AIM OF THE EXERCISE — What is the count of lines in the material below that hold "supp"? Answer with only that number.

DATA EXTRACTS —
(* Let $Y$ be a $\mathbb C$-vector space. Then the pairing $\langle\sum_{u\in M}A_ux^{-u},\sum_{u\in M}B_ux^u\rangle=\sum_uB_uA_u$ induces an isomorphism $\mathcal K_0(Y)\cong\mathrm{Hom}_{\mathbb C}(\mathcal W_0,Y)$.
   Context: Let $A=\{\mathbf a_1,\dots,\mathbf a_m\}\subseteq\mathbb Z^n$ be linearly independent over $\mathbb R$, with $\mathbf a_j=(a_{1j},\dots,a_{nj})$, and $\ell_1,\dots,\ell_m$ positive integers (part of a relation $\ell_0\mathbf a_0=\sum_j\ell_j\mathbf a_j$, $\ell_0=\sum_j\ell_j$, $\mathbf a_0\in\mathbb Z^n$, $\gcd(\ell_0,\dots,\ell_m)=1$). Let $f_0=\sum_{j=1}^m\ell_jx^{\mathbf a_j}$. Let $V$ be the real span of $A$, $V_{\mathbb Z}=V\cap\mathbb Z^n$, $C(A)$ the real cone generated by $A$, $M=V_{\mathbb Z}\cap C(A)$. Let $S_0$ be the $\mathbb C$-span of $\{x^u:u\in M\}$, $D_{i,0}=x_i\partial/\partial x_i+x_i\partial f_0/\partial x_i$ ($i=1,\dots,n$), and $\mathcal W_0=S_0/\sum_iD_{i,0}S_0$. For a $\mathbb C$-vector space $Y$ let $R_0(Y)$ be the set of formal sums $\xi=\sum_{u\in M}A_ux^{-u}$ with $A_u\in Y$, and define $D^*_{i,0}(\xi)=\sum_{v\in M}\big(v_iA_v+\sum_{j=1}^m\ell_ja_{ij}A_{v+\mathbf a_j}\big)x^{-v}$. Let $\mathcal K_0(Y)=\{\xi\in R_0(Y):D^*_{i,0}(\xi)=0\text{ for }i=1,\dots,n\}$. *)

theory Defs
  imports "HOL-Analysis.Analysis"
begin

text \<open>Exponent vectors live in \<open>int ^ 'n\<close> (the lattice Z^n); the generators
  a_1..a_m are indexed by a finite type \<open>'m\<close>.\<close>

definition rvec :: "int ^ 'n \<Rightarrow> real ^ 'n" where
  "rvec u = (\<chi> i. real_of_int (u $ i))"

definition Vspan :: "('m::finite \<Rightarrow> int ^ 'n) \<Rightarrow> (real ^ 'n) set" where
  "Vspan a = span (range (\<lambda>j. rvec (a j)))"

definition coneA :: "('m::finite \<Rightarrow> int ^ 'n) \<Rightarrow> (real ^ 'n) set" where
  "coneA a = {(\<Sum>j\<in>UNIV. c j *\<^sub>R rvec (a j)) | c. \<forall>j. 0 \<le> c j}"

definition Mset :: "('m::finite \<Rightarrow> int ^ 'n) \<Rightarrow> (int ^ 'n) set" where
  "Mset a = {u. rvec u \<in> Vspan a \<and> rvec u \<in> coneA a}"

text \<open>S_0: finite sums \<open>\<Sum> B_u x^u\<close> with u \<in> M, represented by coefficient functions.\<close>
definition S0 :: "('m::finite \<Rightarrow> int ^ 'n) \<Rightarrow> (int ^ 'n \<Rightarrow> complex) set" where
  "S0 a = {B. finite {u. B u \<noteq> 0} \<and> {u. B u \<noteq> 0} \<subseteq> Mset a}"

text \<open>D_{i,0} = x_i d/dx_i + x_i (d f_0/dx_i), f_0 = \<Sum>_j l_j x^{a_j}, acting on coefficients:
  coefficient of x^w in D_{i,0}(\<Sum> B_u x^u) is w_i B_w + \<Sum>_j l_j a_{ij} B_{w - a_j}.\<close>
definition Dop :: "('m::finite \<Rightarrow> int ^ 'n) \<Rightarrow> ('m \<Rightarrow> nat) \<Rightarrow> 'n \<Rightarrow>
    (int ^ 'n \<Rightarrow> complex) \<Rightarrow> (int ^ 'n \<Rightarrow> complex)" where
  "Dop a l i B = (\<lambda>w. of_int (w $ i) * B w
      + (\<Sum>j\<in>UNIV. of_nat (l j) * of_int (a j $ i) * B (w - a j)))"

definition DS0 :: "('m::finite \<Rightarrow> int ^ 'n::finite) \<Rightarrow> ('m \<Rightarrow> nat) \<Rightarrow> (int ^ 'n \<Rightarrow> complex) set" where
  "DS0 a l = {(\<lambda>w. \<Sum>i\<in>UNIV. Dop a l i (B i) w) | B. \<forall>i. B i \<in> S0 a}"

text \<open>Hom_C(W_0, Y) with W_0 = S_0 / \<Sum>_i D_{i,0} S_0: C-linear maps on S_0 vanishing on
  \<Sum>_i D_{i,0} S_0 (only their values on S_0 matter).\<close>
definition HomW :: "('m::finite \<Rightarrow> int ^ 'n::finite) \<Rightarrow> ('m \<Rightarrow> nat) \<Rightarrow>
    (complex \<Rightarrow> 'y::ab_group_add \<Rightarrow> 'y) \<Rightarrow> ((int ^ 'n \<Rightarrow> complex) \<Rightarrow> 'y) set" where
  "HomW a l sc = {\<phi>.
      (\<forall>B\<in>S0 a. \<forall>C\<in>S0 a. \<phi> (\<lambda>u. B u + C u) = \<phi> B + \<phi> C)
    \<and> (\<forall>c. \<forall>B\<in>S0 a. \<phi> (\<lambda>u. c * B u) = sc c (\<phi> B))
    \<and> (\<forall>B\<in>DS0 a l. \<phi> B = 0)}"

text \<open>R_0(Y): formal sums \<open>\<Sum>_{u\<in>M} A_u x^{-u}\<close>, as functions vanishing off M.\<close>
definition R0 :: "('m::finite \<Rightarrow> int ^ 'n) \<Rightarrow> (int ^ 'n \<Rightarrow> 'y::zero) set" where
  "R0 a = {\<xi>. \<forall>u. u \<notin> Mset a \<longrightarrow> \<xi> u = 0}"

text \<open>Coefficient of x^{-v} in D^*_{i,0}(\<xi>).\<close>
definition Dstar :: "('m::finite \<Rightarrow> int ^ 'n) \<Rightarrow> ('m \<Rightarrow> nat) \<Rightarrow>
    (complex \<Rightarrow> 'y::ab_group_add \<Rightarrow> 'y) \<Rightarrow> 'n \<Rightarrow> (int ^ 'n \<Rightarrow> 'y) \<Rightarrow> int ^ 'n \<Rightarrow> 'y" where
  "Dstar a l sc i \<xi> v = sc (of_int (v $ i)) (\<xi> v)
      + (\<Sum>j\<in>UNIV. sc (of_nat (l j) * of_int (a j $ i)) (\<xi> (v + a j)))"

definition K0 :: "('m::finite \<Rightarrow> int ^ 'n::finite) \<Rightarrow> ('m \<Rightarrow> nat) \<Rightarrow>
    (complex \<Rightarrow> 'y::ab_group_add \<Rightarrow> 'y) \<Rightarrow> (int ^ 'n \<Rightarrow> 'y) set" where
  "K0 a l sc = {\<xi> \<in> R0 a. \<forall>i. \<forall>v\<in>Mset a. Dstar a l sc i \<xi> v = 0}"

definition pairing :: "(complex \<Rightarrow> 'y::ab_group_add \<Rightarrow> 'y) \<Rightarrow> (int ^ 'n \<Rightarrow> 'y)
    \<Rightarrow> (int ^ 'n \<Rightarrow> complex) \<Rightarrow> 'y" where
  "pairing sc \<xi> B = (\<Sum>u\<in>{u. B u \<noteq> 0}. sc (B u) (\<xi> u))"

end

theory Submission
  imports Defs
begin

text \<open>
  A linear map on S_0 is determined by its values on the monomials x^u, u in M, so the pairing
  identifies Hom(S_0, Y) with R_0(Y) through xi_u = <xi, x^u>. Shifting the summation index by
  a_j shows that D*_i is the transpose of D_i for this pairing; hence <xi, -> kills the image of
  D_i on S_0 exactly when D*_i xi vanishes on M.
\<close>

definition supp :: "('a \<Rightarrow> 'b::zero) \<Rightarrow> 'a set" where
  "supp B = {u. B u \<noteq> 0}"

FINISHED TASK — 2